Abdulfattah John Jandali

Abdulfattah John Jandali
(Click the image for a larger version)

“This might sound strange, though, but I am not prepared, even if either of us was on our deathbeds, to pick up the phone to call him,” Mr. Jandali said. “Steve will have to do that, as the Syrian pride in me does not want him ever to think I am after his fortune.”

According to Mr. Jandali, he had asked his girlfriend, Joanne Simpson, to marry him after she became pregnant, but that her father forbade the marriage because of Mr. Jandali’s Syrian origins.

It being 1955, Ms. Simpson then skipped off to San Francisco to have the baby in order to spare the family any shame at the out-of-wedlock birth, where the baby was then adopted by Paul and Clara Jobs, who then lived in Mountain View. [Editor’s Note: Ask your parents or grandparents about getting pregnant out of marriage in the U.S. in the 1950s if that sounds kooky to you. - Editor]

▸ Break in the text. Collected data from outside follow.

(* Let $X$ be a finite quandle with connected components $C_1,\dots,C_k$. There exists $N$ (depending on $X$) such that the following holds. Let $s=(x_1,\dots,x_n)\in X^n$ with $\langle x_1,\dots,x_n\rangle=X$, let $D_j=\{1\le i\le n:x_i\in C_j\}$ and $n_j=|D_j|$, and suppose $n_1,\dots,n_k\ge N$. Then the image in $S_n$ of the stabilizer of $s$ in $B_n$ equals $S_{n_1}\times\dots\times S_{n_k}$.
   Context: A quandle is a set $X$ with an operation $x^y$ such that $x\mapsto x^y$ is bijective for each $y$, $(z^x)^y=(z^y)^{x^y}$ and $x^x=x$; its connected components are the classes of the smallest equivalence relation with $x\sim x^y$; $\langle x_1,\dots,x_n\rangle=X$ means no proper subset closed under the operation contains all $x_i$. $B_n$ acts on $X^n$ from the right by $(\dots,x_i,x_{i+1},\dots)^{\sigma_i}=(\dots,x_{i+1},x_i^{x_{i+1}},\dots)$, and $B_n\to S_n$ sends $\sigma_i\mapsto(i\ i+1)$. $S_{n_1}\times\dots\times S_{n_k}$ is identified with $\{\sigma\in S_n:\sigma(D_j)=D_j\ \forall j\}$. *)

theory Defs
  imports "HOL-Combinatorics.Combinatorics"
begin

text \<open>A quandle on the carrier X with operation op, where op x y stands for x^y.\<close>
definition quandle :: "'a set \<Rightarrow> ('a \<Rightarrow> 'a \<Rightarrow> 'a) \<Rightarrow> bool" where
  "quandle X op \<longleftrightarrow>
     (\<forall>x\<in>X. \<forall>y\<in>X. op x y \<in> X) \<and>
     (\<forall>y\<in>X. bij_betw (\<lambda>x. op x y) X X) \<and>
     (\<forall>x\<in>X. \<forall>y\<in>X. \<forall>z\<in>X. op (op z x) y = op (op z y) (op x y)) \<and>
     (\<forall>x\<in>X. op x x = x)"

definition qstep :: "'a set \<Rightarrow> ('a \<Rightarrow> 'a \<Rightarrow> 'a) \<Rightarrow> 'a rel" where
  "qstep X op = {(x, op x y) | x y. x \<in> X \<and> y \<in> X}"

definition qcomponents :: "'a set \<Rightarrow> ('a \<Rightarrow> 'a \<Rightarrow> 'a) \<Rightarrow> 'a set set" where
  "qcomponents X op = X // ((qstep X op \<union> (qstep X op)\<inverse>)\<^sup>*)"

definition qgenerates :: "'a set \<Rightarrow> ('a \<Rightarrow> 'a \<Rightarrow> 'a) \<Rightarrow> 'a list \<Rightarrow> bool" where
  "qgenerates X op xs \<longleftrightarrow> set xs \<subseteq> X \<and>
     (\<forall>Y. Y \<subseteq> X \<and> set xs \<subseteq> Y \<and> (\<forall>a\<in>Y. \<forall>b\<in>Y. op a b \<in> Y) \<longrightarrow> Y = X)"

definition qrinv :: "'a set \<Rightarrow> ('a \<Rightarrow> 'a \<Rightarrow> 'a) \<Rightarrow> 'a \<Rightarrow> 'a \<Rightarrow> 'a" where
  "qrinv X op b a = inv_into X (\<lambda>z. op z a) b"

text \<open>Braid words: letters (i, True) = sigma_i, (i, False) = sigma_i inverse, 0-based,
  acting on the positions i, i+1 of a tuple (a list).\<close>
type_synonym bletter = "nat \<times> bool"

definition bgen_act :: "'a set \<Rightarrow> ('a \<Rightarrow> 'a \<Rightarrow> 'a) \<Rightarrow> 'a list \<Rightarrow> bletter \<Rightarrow> 'a list" where
  "bgen_act X op s g = (case g of (i, e) \<Rightarrow>
     (if e then s[i := s ! (i+1), i+1 := op (s ! i) (s ! (i+1))]
      else s[i := qrinv X op (s ! (i+1)) (s ! i), i+1 := s ! i]))"

fun bword_act :: "'a set \<Rightarrow> ('a \<Rightarrow> 'a \<Rightarrow> 'a) \<Rightarrow> 'a list \<Rightarrow> bletter list \<Rightarrow> 'a list" where
  "bword_act X op s [] = s"
| "bword_act X op s (g # w) = bword_act X op (bgen_act X op s g) w"

definition valid_bword :: "nat \<Rightarrow> bletter list \<Rightarrow> bool" where
  "valid_bword n w \<longleftrightarrow> (\<forall>g\<in>set w. fst g + 1 < n)"
(* Let $m$ be a positive integer, $\gamma\in C^m(\mathbb{R},\mathbb{R}^3)$, and $K\subseteq\mathbb{R}$ a compact set containing at least $m+1$ points. If $\gamma$ satisfies the $A/V$ condition on $K$, then $$\lim_{\substack{\operatorname{diam}X\to0\\ a,b\in X\subseteq K,\ a<b\\ \#X=m+1}}\left|\frac{A(\gamma;a,b)}{V(\gamma;a,b)}-\frac{A[X,\gamma;a,b]}{V[X,\gamma;a,b]}\right|=0,$$ i.e. for every $\varepsilon>0$ there is $\delta>0$ such that the displayed difference is $<\varepsilon$ for all $X\subseteq K$ with $\#X=m+1$, $\operatorname{diam}X<\delta$, and $a,b\in X$ with $a<b$. In particular, $\gamma$ satisfies the discrete $A/V$ condition on $K$.
   Context: $C^m(\mathbb{R},\mathbb{R}^3)$: curves whose components are $m$-times continuously differentiable with bounded $m$th derivative. For $\gamma=(f,g,h)$ and $a\in\mathbb{R}$, $T_af(x)=\sum_{k=0}^m\frac{f^{(k)}(a)}{k!}(x-a)^k$ (similarly $T_ag$); $A(\gamma;a,b)= h(b)-h(a)-2\int_a^b\big((T_af)'T_ag-(T_ag)'T_af\big) + 2f(a)(g(b)-T_ag(b)) - 2g(a)(f(b)-T_af(b))$, $V(\gamma;a,b)=(b-a)^{2m}+(b-a)^m\int_a^b(|(T_af)'|+|(T_ag)'|)$. $\gamma$ satisfies the $A/V$ condition on $E$ if for every $\varepsilon>0$ there is $\delta>0$ with $|A(\gamma;a,b)/V(\gamma;a,b)|<\varepsilon$ for all $a,b\in E$ with $0<b-a<\delta$. For $X$ a set of $m+1$ distinct points, $P(X;\phi)$ is the unique polynomial of degree $\le m$ agreeing with $\phi$ on $X$; $P_f=P(X;f)$, $P_g=P(X;g)$, and for $a,b\in X$: $A[X,\gamma;a,b]=h(b)-h(a)-2\int_a^b(P_f'P_g-P_g'P_f)$, $V[X,\gamma;a,b]=\operatorname{diam}(X)^{2m}+\operatorname{diam}(X)^m\int_a^b(|P_f'|+|P_g'|)$. $\gamma$ satisfies the discrete $A/V$ condition on $E$ if for every $\varepsilon>0$ there is $\delta>0$ such that $|A[X,\gamma;a,b]/V[X,\gamma;a,b]|<\varepsilon$ for all $X\subseteq E$ with $\#X=m+1$, $\operatorname{diam}X<\delta$, and $a,b\in X$ with $a<b$. *)

theory Defs
  imports "HOL-Analysis.Analysis" "HOL-Computational_Algebra.Polynomial"
begin

text \<open>A curve gamma = (f,g,h) in C^m(R,R^3) is represented by its three real component functions.\<close>
definition Cm :: "nat \<Rightarrow> (real \<Rightarrow> real) \<Rightarrow> bool" where
  "Cm m \<phi> \<longleftrightarrow>
     (\<forall>k<m. \<forall>x. ((deriv ^^ k) \<phi> has_real_derivative (deriv ^^ Suc k) \<phi> x) (at x))
     \<and> continuous_on UNIV ((deriv ^^ m) \<phi>)
     \<and> bounded (range ((deriv ^^ m) \<phi>))"

definition Cm_curve :: "nat \<Rightarrow> (real \<Rightarrow> real) \<Rightarrow> (real \<Rightarrow> real) \<Rightarrow> (real \<Rightarrow> real) \<Rightarrow> bool" where
  "Cm_curve m f g h \<longleftrightarrow> Cm m f \<and> Cm m g \<and> Cm m h"

definition taylor :: "nat \<Rightarrow> (real \<Rightarrow> real) \<Rightarrow> real \<Rightarrow> real \<Rightarrow> real" where
  "taylor m \<phi> a x = (\<Sum>k\<le>m. (deriv ^^ k) \<phi> a / fact k * (x - a) ^ k)"

definition A_cont :: "nat \<Rightarrow> (real \<Rightarrow> real) \<Rightarrow> (real \<Rightarrow> real) \<Rightarrow> (real \<Rightarrow> real) \<Rightarrow> real \<Rightarrow> real \<Rightarrow> real" where
  "A_cont m f g h a b =
     h b - h a
     - 2 * integral {a..b} (\<lambda>x. deriv (taylor m f a) x * taylor m g a x
                               - deriv (taylor m g a) x * taylor m f a x)
     + 2 * f a * (g b - taylor m g a b) - 2 * g a * (f b - taylor m f a b)"

definition V_cont :: "nat \<Rightarrow> (real \<Rightarrow> real) \<Rightarrow> (real \<Rightarrow> real) \<Rightarrow> real \<Rightarrow> real \<Rightarrow> real" where
  "V_cont m f g a b =
     (b - a) ^ (2 * m)
     + (b - a) ^ m * integral {a..b} (\<lambda>x. \<bar>deriv (taylor m f a) x\<bar> + \<bar>deriv (taylor m g a) x\<bar>)"

definition AV_condition :: "nat \<Rightarrow> (real \<Rightarrow> real) \<Rightarrow> (real \<Rightarrow> real) \<Rightarrow> (real \<Rightarrow> real) \<Rightarrow> real set \<Rightarrow> bool" where
  "AV_condition m f g h E \<longleftrightarrow>
     (\<forall>\<epsilon>>0. \<exists>\<delta>>0. \<forall>a\<in>E. \<forall>b\<in>E. 0 < b - a \<and> b - a < \<delta> \<longrightarrow>
        \<bar>A_cont m f g h a b / V_cont m f g a b\<bar> < \<epsilon>)"

text \<open>P(X;phi): the unique polynomial of degree at most m agreeing with phi on X (#X = m+1).\<close>
definition interp :: "nat \<Rightarrow> real set \<Rightarrow> (real \<Rightarrow> real) \<Rightarrow> real poly" where
  "interp m X \<phi> = (THE p. degree p \<le> m \<and> (\<forall>x\<in>X. poly p x = \<phi> x))"

definition A_disc :: "nat \<Rightarrow> real set \<Rightarrow> (real \<Rightarrow> real) \<Rightarrow> (real \<Rightarrow> real) \<Rightarrow> (real \<Rightarrow> real) \<Rightarrow> real \<Rightarrow> real \<Rightarrow> real" where
  "A_disc m X f g h a b =
     h b - h a
     - 2 * integral {a..b} (\<lambda>x. poly (pderiv (interp m X f)) x * poly (interp m X g) x
                               - poly (pderiv (interp m X g)) x * poly (interp m X f) x)"

definition V_disc :: "nat \<Rightarrow> real set \<Rightarrow> (real \<Rightarrow> real) \<Rightarrow> (real \<Rightarrow> real) \<Rightarrow> real \<Rightarrow> real \<Rightarrow> real" where
  "V_disc m X f g a b =
     diameter X ^ (2 * m)
     + diameter X ^ m * integral {a..b} (\<lambda>x. \<bar>poly (pderiv (interp m X f)) x\<bar>
                                            + \<bar>poly (pderiv (interp m X g)) x\<bar>)"

definition discrete_AV_condition :: "nat \<Rightarrow> (real \<Rightarrow> real) \<Rightarrow> (real \<Rightarrow> real) \<Rightarrow> (real \<Rightarrow> real) \<Rightarrow> real set \<Rightarrow> bool" where
  "discrete_AV_condition m f g h E \<longleftrightarrow>
     (\<forall>\<epsilon>>0. \<exists>\<delta>>0. \<forall>X a b. X \<subseteq> E \<and> card X = m + 1 \<and> diameter X < \<delta>
        \<and> a \<in> X \<and> b \<in> X \<and> a < b \<longrightarrow>
        \<bar>A_disc m X f g h a b / V_disc m X f g a b\<bar> < \<epsilon>)"
theorem mainTheorem11:
  fixes k p s :: nat and c :: "nat \<Rightarrow> int" and I A :: "nat set" and \<delta> :: real
  assumes "k \<ge> 3"
    and "\<forall>i<k. c i \<noteq> 0"
    and "I \<subset> {..<k}" and "card I \<ge> 3"
    and "(\<Sum>i\<in>I. c i) = 0"
    and "prime p" and "\<forall>i<k. \<bar>c i\<bar> < int p"
    and "A \<subseteq> {..<p}"
    and "solution_free p k c A"
    and "0 < \<delta>" and "\<delta> \<le> 1"
    and "real (num_solutions p I c A) \<ge> \<delta> * real p ^ (card I - 1)"
    and "s \<in> I"
    and "real p > 6 * real k ^ 2 / \<delta>"
  shows "let J = {..<k} - I;
             \<nu> = \<delta> / 6;
             L = {\<xi>\<in>{..<p}. norm (fourier_ind p A \<xi>) \<ge> \<nu>};
             \<Gamma> = {\<eta>\<in>{..<p}. nat ((c s * int \<eta>) mod int p) \<in> L};
             D = (\<Sum>i\<in>J. \<bar>c i\<bar>);
             \<rho> = \<delta> ^ 3 / (216 * pi * real_of_int D);
             B = {x\<in>{..<p}. \<forall>\<xi>\<in>\<Gamma>. tau_norm p ((\<xi> * x) mod p) \<le> \<rho>}
         in card (A \<inter> B) < k"
proof -
  define \<Gamma> where
    "\<Gamma> = {\<eta>\<in>{..<p}. nat ((c s * int \<eta>) mod int p) \<in> {\<xi>\<in>{..<p}. norm (fourier_ind p A \<xi>) \<ge> \<delta> / 6}}"
  define \<rho> where "\<rho> = \<delta> ^ 3 / (216 * pi * real_of_int (\<Sum>i\<in>{..<k} - I. \<bar>c i\<bar>))"
  define B where "B = {x\<in>{..<p}. \<forall>\<xi>\<in>\<Gamma>. tau_norm p ((\<xi> * x) mod p) \<le> \<rho>}"
  have p0: "p > 0"
    using assms(6) prime_gt_0_nat by blast
  have "\<forall>i<k. \<not> int p dvd c i"
    using assms(2,7) not_int_dvd_if_abs_less by blast
  moreover have "6 * real k ^ 2 < \<delta> * real p"
    using assms(10,14) by (simp add: divide_less_eq mult.commute)
  moreover have "norm (fourier_ind_int p A (c s * int \<xi>)) < \<delta> / 6" if "\<xi> < p" "\<xi> \<notin> \<Gamma>" for \<xi>
    using that p0 unfolding \<Gamma>_def by (simp add: fourier_ind_nat_mod nat_less_iff)
  moreover have "2 * pi * real_of_int (\<Sum>i\<in>{..<k} - I. \<bar>c i\<bar>) * \<rho> \<le> \<delta> / 3"
    unfolding \<rho>_def using Bohr_radius_le[OF assms(10,11)] by simp
  moreover have "\<delta> * real p ^ (card I - 1) \<le> real (card (solutions p I c A 0))"
    using assms(12) by (simp add: num_solutions_eq_card_solutions)
  moreover have "\<And>x \<xi>. x \<in> B \<Longrightarrow> \<xi> \<in> \<Gamma> \<Longrightarrow> tau_norm p ((\<xi> * x) mod p) \<le> \<rho>"
    unfolding B_def by blast
  ultimately have "card (A \<inter> B) < k"
    using card_inter_Bohr_set_lt[OF assms(6,8) _ assms(4,13) _ assms(9)] assms(3) by blast
  then show ?thesis
    unfolding Let_def \<Gamma>_def \<rho>_def B_def .
qed

end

Mr. Jandali also said that Ms. Simpson’s father died soon after the birth, that the two reunited, but that it was too late to do anything about the adoption.

Mr. Jandali, who goes by John in his adoptive country, is still working, despite being 80 years old. He is the vice president of the Boomtown Casino and Hotel in Reno, NV, casino. According to the Post, he works six days a week, gets up every morning at 5:00 AM to work out in a gym, and drives himself to work in a Jeep Cherokee.

“Now I just live in hope that, before it is too late, he will reach out to me, because even to have just one coffee with him just once would make me a very happy man,” he said. “Because I really am not his dad. Mr. and Mrs. Jobs are, as they raised him. And I don’t want to take their place. I just would like to get to know this amazing man I helped in a very small way to produce.”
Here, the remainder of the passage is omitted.